ALLEN SHARP, District Judge.

In Count I of Plaintiffs Complaint, Plaintiff alleges that Benicorp Insurance Company, (“Benicorp”), issued a major medical insurance plan to Don Scharer Masonry Inc., (“Scharer Masonry”), Group Policy No. A0015001-0, (“the Plan”). Plaintiff alleges that he was provided benefits under the Plan. Plaintiff further alleges that on or about March 23, 2002, he submitted a claim to Benicorp to pay for medical expenses incurred as a result of an accident he sustained on March 23, 2002. Plaintiff claims that Benicorp denied and refused to pay his medical expenses under the Plan, and is therefore seeking a judgment against Benicorp for an amount that will fully and fairly compensate him for his claim and for all other relief just and proper. Benicorp now moves to strike the Plaintiffs jury demand insofar as it relates to Count I of Plaintiffs Complaint against Benicorp, based on the premise that the Employee Retirement Income Security Act of 1974 (“ERISA”), affords no right to a jury trial. See, ERISA, 29 U.S.C. Section 1001, et seq.
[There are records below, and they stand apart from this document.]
text \<open>Since I is generated by monomials, a basis of (S/I)_t is given by the monomials
  x1^a x2^b x3^c of degree t outside I, i.e. with a, b, c < d and not both a \<ge> \<lfloor>d/2\<rfloor>
  and b \<ge> \<lceil>d/2\<rceil>.
  Multiplication by x3 matches the standard monomials of degree t with c < d - 1 with those of
  degree t + 1 with c > 0. Hence HF(t) - HF(t + 1) is the number of standard exponent pairs (a, b)
  with a + b = t + 1 - d (the layer c = d - 1) minus the number with a + b = t + 1 (the layer c = 0).
  For t + 1 = T = \<lfloor>(3d - 3)/2\<rfloor> the first number is T - d + 1, the second is 2 for even d
  and 1 for odd d, and the difference is positive exactly when d \<ge> 5 and d \<noteq> 6.\<close>

lemma UNIV_3: "(UNIV :: 3 set) = {0, 1, 2}"
proof -
  have "card {0, 1, 2 :: 3} = CARD(3)" by simp
  then show ?thesis by (intro card_subset_eq [symmetric]) auto
qed

lemma forall_3: "(\<forall>i::3. P i) \<longleftrightarrow> P 0 \<and> P 1 \<and> P 2"
proof -
  have "i = 0 \<or> i = 1 \<or> i = 2" for i :: 3
    using UNIV_I[of i] by (simp only: UNIV_3) blast
  then show ?thesis by metis
qed

lemma mdeg_eq: "mdeg m = Poly_Mapping.lookup m 0 + Poly_Mapping.lookup m 1 + Poly_Mapping.lookup m 2"
proof -
  have "mdeg m = (\<Sum>i\<in>UNIV. Poly_Mapping.lookup m i)"
    unfolding mdeg_def by (intro sum.mono_neutral_left) (auto simp: in_keys_iff)
  also have "\<dots> = Poly_Mapping.lookup m 0 + Poly_Mapping.lookup m 1 + Poly_Mapping.lookup m 2"
    unfolding UNIV_3 by simp
  finally show ?thesis .
qed

lemma exists_add_eq_iff_lookup_le:
  fixes e m :: "'a \<Rightarrow>\<^sub>0 nat"
  shows "(\<exists>r. m = e + r) \<longleftrightarrow> Poly_Mapping.lookup e \<le> Poly_Mapping.lookup m"
proof
  assume "Poly_Mapping.lookup e \<le> Poly_Mapping.lookup m"
  then have "m = e + (m - e)"
    by (intro poly_mapping_eqI) (simp add: lookup_add lookup_minus le_fun_def)
  then show "\<exists>r. m = e + r" ..
qed (auto simp: le_fun_def lookup_add)

lemma sum_single_lookup: "(\<Sum>m\<in>Poly_Mapping.keys p. Poly_Mapping.single m (Poly_Mapping.lookup p m)) = p"
  by (intro poly_mapping_eqI) (simp add: lookup_sum lookup_single when_def in_keys_iff)

lemma lookup_scale3: "Poly_Mapping.lookup (scale3 c p) m = c * Poly_Mapping.lookup p m"
  unfolding scale3_def mult_map_scale_conv_mult[symmetric]
  by (simp add: map.rep_eq when_def)

lemma scale3_single: "scale3 c (Poly_Mapping.single m 1) = Poly_Mapping.single m c"
  by (simp add: scale3_def mult_single)

lemma vector_space_scale3: "vector_space (scale3 :: 'k::field \<Rightarrow> 'k poly3 \<Rightarrow> 'k poly3)"
  by unfold_locales
    (simp_all add: poly_mapping_eq_iff fun_eq_iff lookup_scale3 lookup_add algebra_simps)

lemma dim_keys_subset:
  assumes "finite A"
  shows "vector_space.dim (scale3 :: 'k::field \<Rightarrow> 'k poly3 \<Rightarrow> 'k poly3)
      {p. Poly_Mapping.keys p \<subseteq> A} = card A"
proof -
  interpret v: vector_space "scale3 :: 'k \<Rightarrow> 'k poly3 \<Rightarrow> 'k poly3"
    by (rule vector_space_scale3)
  let ?e = "\<lambda>m. Poly_Mapping.single m (1::'k)"
  have inj: "inj_on ?e A"
    by (intro inj_onI) (metis keys_single one_neq_zero singleton_inject)
  show ?thesis
  proof (rule v.dim_unique[of "?e ` A"])
    show "{p. Poly_Mapping.keys p \<subseteq> A} \<subseteq> v.span (?e ` A)"
    proof
      fix p :: "'k poly3"
      assume "p \<in> {p. Poly_Mapping.keys p \<subseteq> A}"
      then have "(\<Sum>m\<in>Poly_Mapping.keys p. scale3 (Poly_Mapping.lookup p m) (?e m)) \<in> v.span (?e ` A)"
        by (intro v.span_sum v.span_scale v.span_base) auto
      then show "p \<in> v.span (?e ` A)"
        by (simp add: scale3_single sum_single_lookup)
    qed
    show "v.independent (?e ` A)"
    proof (rule v.independent_if_scalars_zero)
      fix f x
      assume sum0: "(\<Sum>x\<in>?e ` A. scale3 (f x) x) = 0" and "x \<in> ?e ` A"
      then obtain m where m: "m \<in> A" "x = ?e m" by auto
      have "0 = Poly_Mapping.lookup (\<Sum>m'\<in>A. Poly_Mapping.single m' (f (?e m'))) m"
        using sum0 by (simp add: sum.reindex[OF inj] scale3_single)
      also have "\<dots> = f x"
        using m assms by (simp add: lookup_sum lookup_single when_def)
      finally show "f x = 0" ..
    qed (use assms in auto)
    show "card (?e ` A) = card A" by (rule card_image[OF inj])
  qed auto
qed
By asserting a state law claim for a denial of benefits under an employee welfare benefit plan, Plaintiff is, according to Benicorp, attempting to assert an action recognized solely under ERISA. They further argue that by Plaintiff not challenging the removal of this action to this Court, Plaintiff is in essence, admitting that his claim arises solely under ERISA. Benicorp also filed a motion to dismiss any and all state law claims alleged in Plaintiffs Complaint, to which Plaintiff did not respond. This Court granted Benicorp’s motion, and through that ruling, this Court held that Plaintiffs Complaint, as it pertains to Benicorp, shall be treated as a claim for wrongful denial of benefits under ERISA, 29 U.S.C. Section 1132(a)(1)(B).

Therefore, because ERISA affords no right to a jury trial in suits to recover benefits under 29 U.S.C. Section 1132, Benicorp’s motion to strike Plaintiffs jury demand insofar as it relates to Count I of Plaintiffs Complaint against Benicorp, is hereby GRANTED. See, ERISA, 29 U.S.C. Section 1001, et seq., see also, *892 Dwyer v. Unum Life Ins. Co. of America, 2003 WL 22844234 (N.D.Ill. December 1, 2003); Mathews v. Sears Pension Plan, 144 F.3d 461, 468 (7th Cir.1998); Wardle v. Central States, Southeast, Southwest Areas Pension Fund, 627 F.2d 820, 830 (7th Cir.1980), cert. denied, 449 U.S. 1112, 101 S.Ct. 922, 66 L.Ed.2d 841 (1981). The Plaintiffs jury demand shall be stricken from Count I of Plaintiffs Complaint against Benicorp, as trials before a jury are not provided for under ERISA, 29 U.S.C. Section 1001, et seq.

IT IS SO ORDERED.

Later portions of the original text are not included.